# Task prompt
In the entries below, find the lines with the word "forall" and copy them.

Segment Start: Records for processing

(* (i) Let $L$ be a lattice, let $\gamma$ be a congruence relation of $L$, and let $K=L/\gamma$ be the quotient lattice, with canonical surjection $u\mapsto [u]_\gamma$. For every congruence relation $\alpha$ of $L$, the relation \[ \alpha/\gamma=\bigl\{([u]_\gamma,[v]_\gamma) \mid u,v\in L,\ (u,v)\in\alpha\bigr\} \] is a tolerance relation of $K$. (ii) Conversely, for every lattice $K$ and every tolerance relation $\tau$ of $K$, there exist a lattice $L$, congruence relations $\alpha$ and $\gamma$ of $L$, and a lattice isomorphism $\varphi\colon L/\gamma\to K$ such that \[ \tau=\varphi(\alpha/\gamma)=\bigl\{(\varphi(X),\varphi(Y)) \mid (X,Y)\in\alpha/\gamma\bigr\}. \]
   Context: A tolerance relation of a lattice $L$ is a binary relation $\rho\subseteq L\times L$ that is reflexive, symmetric, and has the Substitution Properties: if $(a,b)\in\rho$ and $(c,d)\in\rho$ then $(a\vee c,b\vee d)\in\rho$ and $(a\wedge c,b\wedge d)\in\rho$. A congruence relation is a transitive tolerance. $[u]_\gamma$ denotes the $\gamma$-class of $u$. *)

theory Defs
  imports Main
begin

definition is_lattice :: "'a set \<Rightarrow> ('a \<Rightarrow> 'a \<Rightarrow> 'a) \<Rightarrow> ('a \<Rightarrow> 'a \<Rightarrow> 'a) \<Rightarrow> bool" where
  "is_lattice A j m \<longleftrightarrow>
     (\<forall>x\<in>A. \<forall>y\<in>A. j x y \<in> A \<and> m x y \<in> A) \<and>
     (\<forall>x\<in>A. \<forall>y\<in>A. j x y = j y x \<and> m x y = m y x) \<and>
     (\<forall>x\<in>A. \<forall>y\<in>A. \<forall>z\<in>A. j (j x y) z = j x (j y z) \<and> m (m x y) z = m x (m y z)) \<and>
     (\<forall>x\<in>A. \<forall>y\<in>A. j x (m x y) = x \<and> m x (j x y) = x)"

definition tolerance :: "'a set \<Rightarrow> ('a \<Rightarrow> 'a \<Rightarrow> 'a) \<Rightarrow> ('a \<Rightarrow> 'a \<Rightarrow> 'a) \<Rightarrow> ('a \<times> 'a) set \<Rightarrow> bool" where
  "tolerance A j m \<rho> \<longleftrightarrow>
     \<rho> \<subseteq> A \<times> A \<and> (\<forall>x\<in>A. (x, x) \<in> \<rho>) \<and> sym \<rho> \<and>
     (\<forall>a b c d. (a, b) \<in> \<rho> \<longrightarrow> (c, d) \<in> \<rho> \<longrightarrow>
        (j a c, j b d) \<in> \<rho> \<and> (m a c, m b d) \<in> \<rho>)"

definition congruence :: "'a set \<Rightarrow> ('a \<Rightarrow> 'a \<Rightarrow> 'a) \<Rightarrow> ('a \<Rightarrow> 'a \<Rightarrow> 'a) \<Rightarrow> ('a \<times> 'a) set \<Rightarrow> bool" where
  "congruence A j m \<rho> \<longleftrightarrow> tolerance A j m \<rho> \<and> trans \<rho>"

Segment End: Records for processing

# Result of this task
     (\<forall>x\<in>A. \<forall>y\<in>A. j x y \<in> A \<and> m x y \<in> A) \<and>
     (\<forall>x\<in>A. \<forall>y\<in>A. j x y = j y x \<and> m x y = m y x) \<and>
     (\<forall>x\<in>A. \<forall>y\<in>A. \<forall>z\<in>A. j (j x y) z = j x (j y z) \<and> m (m x y) z = m x (m y z)) \<and>
     (\<forall>x\<in>A. \<forall>y\<in>A. j x (m x y) = x \<and> m x (j x y) = x)"
     \<rho> \<subseteq> A \<times> A \<and> (\<forall>x\<in>A. (x, x) \<in> \<rho>) \<and> sym \<rho> \<and>
     (\<forall>a b c d. (a, b) \<in> \<rho> \<longrightarrow> (c, d) \<in> \<rho> \<longrightarrow>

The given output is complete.